▸ **What this task involves**:
Please count the lines with the word "fixes" in the material below, then state the number by itself.

▸ **Excerpted data**:
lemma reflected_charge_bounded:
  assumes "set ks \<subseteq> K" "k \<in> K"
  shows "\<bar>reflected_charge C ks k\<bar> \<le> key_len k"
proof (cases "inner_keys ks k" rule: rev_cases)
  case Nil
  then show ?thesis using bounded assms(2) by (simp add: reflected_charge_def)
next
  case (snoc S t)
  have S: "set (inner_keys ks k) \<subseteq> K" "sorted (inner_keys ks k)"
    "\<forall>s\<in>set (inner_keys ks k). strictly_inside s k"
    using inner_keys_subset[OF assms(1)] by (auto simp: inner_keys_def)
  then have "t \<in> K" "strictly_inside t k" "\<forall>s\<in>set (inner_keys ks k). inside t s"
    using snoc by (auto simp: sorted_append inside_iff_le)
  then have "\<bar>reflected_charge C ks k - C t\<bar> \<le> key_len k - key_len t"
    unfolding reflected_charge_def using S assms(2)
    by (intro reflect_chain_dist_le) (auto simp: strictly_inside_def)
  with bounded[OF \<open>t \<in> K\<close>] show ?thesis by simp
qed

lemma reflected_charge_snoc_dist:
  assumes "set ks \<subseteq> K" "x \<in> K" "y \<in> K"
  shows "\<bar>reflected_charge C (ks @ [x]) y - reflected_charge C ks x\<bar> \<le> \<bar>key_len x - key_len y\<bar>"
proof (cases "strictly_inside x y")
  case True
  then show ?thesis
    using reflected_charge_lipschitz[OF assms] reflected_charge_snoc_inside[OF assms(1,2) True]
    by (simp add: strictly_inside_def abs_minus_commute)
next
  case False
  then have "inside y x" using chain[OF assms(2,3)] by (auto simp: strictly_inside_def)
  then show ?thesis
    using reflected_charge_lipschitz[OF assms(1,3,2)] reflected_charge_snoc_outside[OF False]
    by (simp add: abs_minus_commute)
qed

--

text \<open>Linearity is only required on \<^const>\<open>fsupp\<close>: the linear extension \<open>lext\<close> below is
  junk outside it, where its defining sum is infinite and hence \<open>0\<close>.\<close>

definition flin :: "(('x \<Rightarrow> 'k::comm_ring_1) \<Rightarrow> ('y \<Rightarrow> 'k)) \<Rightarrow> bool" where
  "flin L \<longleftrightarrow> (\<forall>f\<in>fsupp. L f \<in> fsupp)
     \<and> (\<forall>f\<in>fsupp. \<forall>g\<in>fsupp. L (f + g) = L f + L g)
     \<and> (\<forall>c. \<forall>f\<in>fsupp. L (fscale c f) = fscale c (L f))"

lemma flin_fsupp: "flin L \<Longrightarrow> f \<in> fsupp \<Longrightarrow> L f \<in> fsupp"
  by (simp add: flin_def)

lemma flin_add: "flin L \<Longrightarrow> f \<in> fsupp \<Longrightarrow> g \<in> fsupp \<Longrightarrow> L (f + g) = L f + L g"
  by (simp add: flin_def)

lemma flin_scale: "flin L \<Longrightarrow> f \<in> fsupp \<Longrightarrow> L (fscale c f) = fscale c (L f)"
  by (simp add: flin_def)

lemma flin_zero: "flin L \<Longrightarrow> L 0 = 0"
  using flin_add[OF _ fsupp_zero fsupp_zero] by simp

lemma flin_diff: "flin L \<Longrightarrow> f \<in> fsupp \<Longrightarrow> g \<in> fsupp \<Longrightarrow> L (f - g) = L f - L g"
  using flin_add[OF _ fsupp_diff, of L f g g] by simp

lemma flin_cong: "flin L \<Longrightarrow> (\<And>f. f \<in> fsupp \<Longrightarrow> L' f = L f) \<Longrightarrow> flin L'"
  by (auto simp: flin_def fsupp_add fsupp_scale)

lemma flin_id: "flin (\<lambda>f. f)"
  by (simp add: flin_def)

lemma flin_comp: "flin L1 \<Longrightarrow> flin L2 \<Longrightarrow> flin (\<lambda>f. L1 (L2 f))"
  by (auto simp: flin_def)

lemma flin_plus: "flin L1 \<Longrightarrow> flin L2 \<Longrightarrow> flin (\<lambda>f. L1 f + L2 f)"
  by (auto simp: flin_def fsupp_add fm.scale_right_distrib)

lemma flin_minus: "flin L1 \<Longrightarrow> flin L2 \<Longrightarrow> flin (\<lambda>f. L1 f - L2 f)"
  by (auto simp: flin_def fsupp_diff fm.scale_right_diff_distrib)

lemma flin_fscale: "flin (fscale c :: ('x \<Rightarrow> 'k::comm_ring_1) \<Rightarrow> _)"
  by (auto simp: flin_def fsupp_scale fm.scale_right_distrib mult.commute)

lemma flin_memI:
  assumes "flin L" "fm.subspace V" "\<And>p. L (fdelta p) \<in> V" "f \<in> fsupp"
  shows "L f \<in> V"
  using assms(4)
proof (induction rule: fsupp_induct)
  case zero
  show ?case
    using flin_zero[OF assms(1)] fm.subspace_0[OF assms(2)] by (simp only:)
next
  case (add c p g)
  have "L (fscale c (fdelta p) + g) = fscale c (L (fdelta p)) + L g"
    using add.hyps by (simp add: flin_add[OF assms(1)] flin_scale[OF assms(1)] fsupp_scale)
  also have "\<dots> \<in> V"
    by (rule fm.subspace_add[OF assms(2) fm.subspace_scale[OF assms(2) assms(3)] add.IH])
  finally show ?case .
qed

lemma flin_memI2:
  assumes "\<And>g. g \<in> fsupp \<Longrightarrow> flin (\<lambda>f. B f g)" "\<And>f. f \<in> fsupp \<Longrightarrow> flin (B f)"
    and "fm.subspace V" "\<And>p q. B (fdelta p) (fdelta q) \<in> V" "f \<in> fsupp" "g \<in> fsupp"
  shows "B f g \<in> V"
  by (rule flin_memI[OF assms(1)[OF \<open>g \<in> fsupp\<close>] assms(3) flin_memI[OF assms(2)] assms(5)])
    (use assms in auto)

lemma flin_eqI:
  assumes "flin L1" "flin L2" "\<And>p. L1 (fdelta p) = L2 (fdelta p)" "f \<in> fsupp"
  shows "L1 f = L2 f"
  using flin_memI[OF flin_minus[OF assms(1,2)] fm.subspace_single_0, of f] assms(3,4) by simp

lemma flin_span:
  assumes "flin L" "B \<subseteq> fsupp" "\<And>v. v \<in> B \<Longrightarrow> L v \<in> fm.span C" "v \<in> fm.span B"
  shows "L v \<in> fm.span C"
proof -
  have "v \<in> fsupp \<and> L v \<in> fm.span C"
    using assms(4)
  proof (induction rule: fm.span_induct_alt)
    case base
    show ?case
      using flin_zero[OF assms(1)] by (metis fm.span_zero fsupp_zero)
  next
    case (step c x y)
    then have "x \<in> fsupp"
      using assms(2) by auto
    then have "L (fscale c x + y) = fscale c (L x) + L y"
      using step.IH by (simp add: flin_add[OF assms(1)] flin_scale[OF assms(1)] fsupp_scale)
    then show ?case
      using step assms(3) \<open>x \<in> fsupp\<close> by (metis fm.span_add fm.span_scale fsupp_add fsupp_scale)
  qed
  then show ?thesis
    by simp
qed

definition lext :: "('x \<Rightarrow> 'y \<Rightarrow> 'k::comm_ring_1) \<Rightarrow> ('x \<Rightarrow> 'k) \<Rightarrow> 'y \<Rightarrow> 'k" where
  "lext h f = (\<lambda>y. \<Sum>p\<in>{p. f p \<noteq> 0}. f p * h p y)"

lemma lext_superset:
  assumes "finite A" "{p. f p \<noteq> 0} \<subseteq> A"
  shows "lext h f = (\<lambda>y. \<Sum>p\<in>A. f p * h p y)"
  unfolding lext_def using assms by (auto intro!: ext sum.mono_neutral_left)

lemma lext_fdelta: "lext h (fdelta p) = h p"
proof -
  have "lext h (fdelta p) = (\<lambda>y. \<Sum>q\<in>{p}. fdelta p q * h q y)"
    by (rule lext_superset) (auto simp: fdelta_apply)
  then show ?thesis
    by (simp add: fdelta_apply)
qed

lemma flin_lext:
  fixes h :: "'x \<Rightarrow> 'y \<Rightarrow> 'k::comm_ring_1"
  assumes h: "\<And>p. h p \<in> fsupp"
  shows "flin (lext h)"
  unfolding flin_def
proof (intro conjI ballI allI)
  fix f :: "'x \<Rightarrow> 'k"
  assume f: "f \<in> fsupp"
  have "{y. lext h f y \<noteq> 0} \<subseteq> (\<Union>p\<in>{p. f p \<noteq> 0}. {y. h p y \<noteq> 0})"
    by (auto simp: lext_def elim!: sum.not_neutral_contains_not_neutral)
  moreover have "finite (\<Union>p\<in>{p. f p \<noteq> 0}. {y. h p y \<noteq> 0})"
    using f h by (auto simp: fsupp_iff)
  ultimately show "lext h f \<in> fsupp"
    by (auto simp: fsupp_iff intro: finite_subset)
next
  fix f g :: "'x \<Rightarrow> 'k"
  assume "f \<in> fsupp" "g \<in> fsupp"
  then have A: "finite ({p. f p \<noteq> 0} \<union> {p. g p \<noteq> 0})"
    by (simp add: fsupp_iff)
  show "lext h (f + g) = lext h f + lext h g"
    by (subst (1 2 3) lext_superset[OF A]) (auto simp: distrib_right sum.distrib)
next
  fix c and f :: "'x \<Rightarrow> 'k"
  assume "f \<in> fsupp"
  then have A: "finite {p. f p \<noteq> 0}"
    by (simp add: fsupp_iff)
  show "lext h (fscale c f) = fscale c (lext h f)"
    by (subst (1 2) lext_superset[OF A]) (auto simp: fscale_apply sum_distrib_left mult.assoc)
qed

---

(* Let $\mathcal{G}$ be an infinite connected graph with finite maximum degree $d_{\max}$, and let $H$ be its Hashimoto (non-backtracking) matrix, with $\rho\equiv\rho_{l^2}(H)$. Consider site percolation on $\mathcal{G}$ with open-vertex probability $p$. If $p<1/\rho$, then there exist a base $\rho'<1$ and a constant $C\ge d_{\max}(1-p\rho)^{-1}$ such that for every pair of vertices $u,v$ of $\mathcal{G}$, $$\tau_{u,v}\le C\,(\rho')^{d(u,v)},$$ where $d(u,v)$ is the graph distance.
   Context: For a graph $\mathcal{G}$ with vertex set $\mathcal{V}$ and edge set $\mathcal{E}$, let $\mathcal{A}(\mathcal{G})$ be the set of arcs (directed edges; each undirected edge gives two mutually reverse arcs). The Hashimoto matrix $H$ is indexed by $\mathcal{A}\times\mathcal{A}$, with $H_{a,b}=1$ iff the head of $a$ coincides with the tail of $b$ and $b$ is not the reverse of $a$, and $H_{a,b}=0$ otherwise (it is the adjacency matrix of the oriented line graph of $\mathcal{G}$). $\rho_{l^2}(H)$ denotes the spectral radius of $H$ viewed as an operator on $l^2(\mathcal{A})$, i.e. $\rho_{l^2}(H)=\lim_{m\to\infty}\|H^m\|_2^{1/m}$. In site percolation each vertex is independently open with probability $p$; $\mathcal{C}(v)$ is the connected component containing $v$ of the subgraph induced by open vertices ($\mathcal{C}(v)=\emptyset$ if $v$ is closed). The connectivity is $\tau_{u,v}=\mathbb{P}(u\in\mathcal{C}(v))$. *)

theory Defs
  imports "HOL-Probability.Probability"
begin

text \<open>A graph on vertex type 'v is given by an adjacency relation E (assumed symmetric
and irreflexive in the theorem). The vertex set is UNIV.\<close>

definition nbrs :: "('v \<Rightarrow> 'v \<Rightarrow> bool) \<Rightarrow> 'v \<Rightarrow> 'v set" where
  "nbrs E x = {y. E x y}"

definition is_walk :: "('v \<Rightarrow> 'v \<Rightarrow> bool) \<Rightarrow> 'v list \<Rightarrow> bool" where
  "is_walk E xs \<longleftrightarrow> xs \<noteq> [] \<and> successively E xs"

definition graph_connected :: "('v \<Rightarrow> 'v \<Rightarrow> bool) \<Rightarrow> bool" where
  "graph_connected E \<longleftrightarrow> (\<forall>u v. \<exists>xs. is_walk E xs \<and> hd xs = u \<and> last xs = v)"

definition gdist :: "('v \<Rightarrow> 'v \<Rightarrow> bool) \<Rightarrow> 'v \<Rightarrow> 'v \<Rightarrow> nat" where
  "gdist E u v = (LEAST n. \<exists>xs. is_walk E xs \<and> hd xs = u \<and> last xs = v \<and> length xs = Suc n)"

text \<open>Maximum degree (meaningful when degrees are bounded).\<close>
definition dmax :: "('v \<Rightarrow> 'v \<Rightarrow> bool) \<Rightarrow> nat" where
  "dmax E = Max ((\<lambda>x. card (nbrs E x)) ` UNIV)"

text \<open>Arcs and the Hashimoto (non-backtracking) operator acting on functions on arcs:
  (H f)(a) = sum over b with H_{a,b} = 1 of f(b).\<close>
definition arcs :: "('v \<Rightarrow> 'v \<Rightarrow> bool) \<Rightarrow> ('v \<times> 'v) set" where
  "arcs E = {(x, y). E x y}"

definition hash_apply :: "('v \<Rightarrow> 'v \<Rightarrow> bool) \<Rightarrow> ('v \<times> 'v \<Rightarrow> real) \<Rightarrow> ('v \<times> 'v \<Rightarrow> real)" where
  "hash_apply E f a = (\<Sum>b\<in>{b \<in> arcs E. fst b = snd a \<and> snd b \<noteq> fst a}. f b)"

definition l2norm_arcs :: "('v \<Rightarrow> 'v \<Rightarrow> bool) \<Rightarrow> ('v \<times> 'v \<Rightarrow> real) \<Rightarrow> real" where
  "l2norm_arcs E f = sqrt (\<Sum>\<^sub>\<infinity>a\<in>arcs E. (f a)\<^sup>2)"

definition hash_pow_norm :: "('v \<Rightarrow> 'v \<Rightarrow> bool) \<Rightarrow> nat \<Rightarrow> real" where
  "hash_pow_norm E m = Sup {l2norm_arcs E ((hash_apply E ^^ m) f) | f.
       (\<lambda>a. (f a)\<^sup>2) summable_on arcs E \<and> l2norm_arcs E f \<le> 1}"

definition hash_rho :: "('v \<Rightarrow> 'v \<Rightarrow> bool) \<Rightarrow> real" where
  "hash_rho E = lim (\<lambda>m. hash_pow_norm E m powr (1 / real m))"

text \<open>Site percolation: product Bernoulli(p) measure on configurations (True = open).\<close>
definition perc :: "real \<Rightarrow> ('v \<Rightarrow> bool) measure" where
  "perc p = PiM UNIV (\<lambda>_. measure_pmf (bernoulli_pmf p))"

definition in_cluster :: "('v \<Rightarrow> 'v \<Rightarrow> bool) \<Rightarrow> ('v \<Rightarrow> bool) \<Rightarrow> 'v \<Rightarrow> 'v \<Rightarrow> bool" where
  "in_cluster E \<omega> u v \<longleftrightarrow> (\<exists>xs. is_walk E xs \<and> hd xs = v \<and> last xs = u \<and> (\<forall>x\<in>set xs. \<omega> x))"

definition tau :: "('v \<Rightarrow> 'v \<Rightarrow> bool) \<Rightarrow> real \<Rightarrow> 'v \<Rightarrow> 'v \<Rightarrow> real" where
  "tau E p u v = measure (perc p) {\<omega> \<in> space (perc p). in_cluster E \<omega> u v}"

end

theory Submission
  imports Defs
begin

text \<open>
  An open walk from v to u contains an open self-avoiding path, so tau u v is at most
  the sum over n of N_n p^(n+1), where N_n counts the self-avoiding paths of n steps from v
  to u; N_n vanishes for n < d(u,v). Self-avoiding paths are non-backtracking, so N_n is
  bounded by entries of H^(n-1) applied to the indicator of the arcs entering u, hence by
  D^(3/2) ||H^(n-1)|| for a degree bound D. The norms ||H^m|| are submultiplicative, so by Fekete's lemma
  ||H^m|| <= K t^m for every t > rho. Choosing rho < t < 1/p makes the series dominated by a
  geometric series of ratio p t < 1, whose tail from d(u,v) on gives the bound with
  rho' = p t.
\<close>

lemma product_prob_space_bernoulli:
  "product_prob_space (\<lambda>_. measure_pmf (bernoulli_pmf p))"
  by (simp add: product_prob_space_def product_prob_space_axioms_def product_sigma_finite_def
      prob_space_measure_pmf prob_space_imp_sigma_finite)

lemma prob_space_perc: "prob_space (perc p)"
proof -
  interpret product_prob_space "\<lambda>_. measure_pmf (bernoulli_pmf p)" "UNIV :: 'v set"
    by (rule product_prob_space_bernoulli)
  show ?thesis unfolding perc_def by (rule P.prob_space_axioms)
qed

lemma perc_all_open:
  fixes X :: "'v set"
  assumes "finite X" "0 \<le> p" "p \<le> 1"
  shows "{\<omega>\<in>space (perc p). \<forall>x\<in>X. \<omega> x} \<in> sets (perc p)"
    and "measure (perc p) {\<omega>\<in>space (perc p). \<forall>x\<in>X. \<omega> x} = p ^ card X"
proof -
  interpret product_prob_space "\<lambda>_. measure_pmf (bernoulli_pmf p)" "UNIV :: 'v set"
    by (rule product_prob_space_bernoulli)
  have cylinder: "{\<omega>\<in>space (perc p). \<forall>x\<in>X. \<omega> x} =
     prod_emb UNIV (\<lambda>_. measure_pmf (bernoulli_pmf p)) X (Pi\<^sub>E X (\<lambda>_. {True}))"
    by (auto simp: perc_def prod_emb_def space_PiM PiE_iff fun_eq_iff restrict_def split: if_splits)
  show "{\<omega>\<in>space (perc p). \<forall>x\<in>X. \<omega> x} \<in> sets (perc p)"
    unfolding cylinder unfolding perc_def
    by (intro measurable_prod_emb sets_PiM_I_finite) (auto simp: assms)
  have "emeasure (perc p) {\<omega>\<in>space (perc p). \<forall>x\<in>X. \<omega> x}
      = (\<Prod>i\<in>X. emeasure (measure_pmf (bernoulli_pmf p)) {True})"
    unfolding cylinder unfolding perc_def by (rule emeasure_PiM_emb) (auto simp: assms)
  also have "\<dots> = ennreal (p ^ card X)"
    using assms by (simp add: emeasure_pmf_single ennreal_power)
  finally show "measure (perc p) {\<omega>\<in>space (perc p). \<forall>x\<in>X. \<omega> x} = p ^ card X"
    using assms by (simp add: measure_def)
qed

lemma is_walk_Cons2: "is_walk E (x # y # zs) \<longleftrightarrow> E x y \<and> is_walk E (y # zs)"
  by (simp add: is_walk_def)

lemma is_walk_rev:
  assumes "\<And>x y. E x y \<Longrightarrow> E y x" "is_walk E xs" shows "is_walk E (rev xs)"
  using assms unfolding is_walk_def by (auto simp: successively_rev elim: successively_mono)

▸ **Finished task**:
2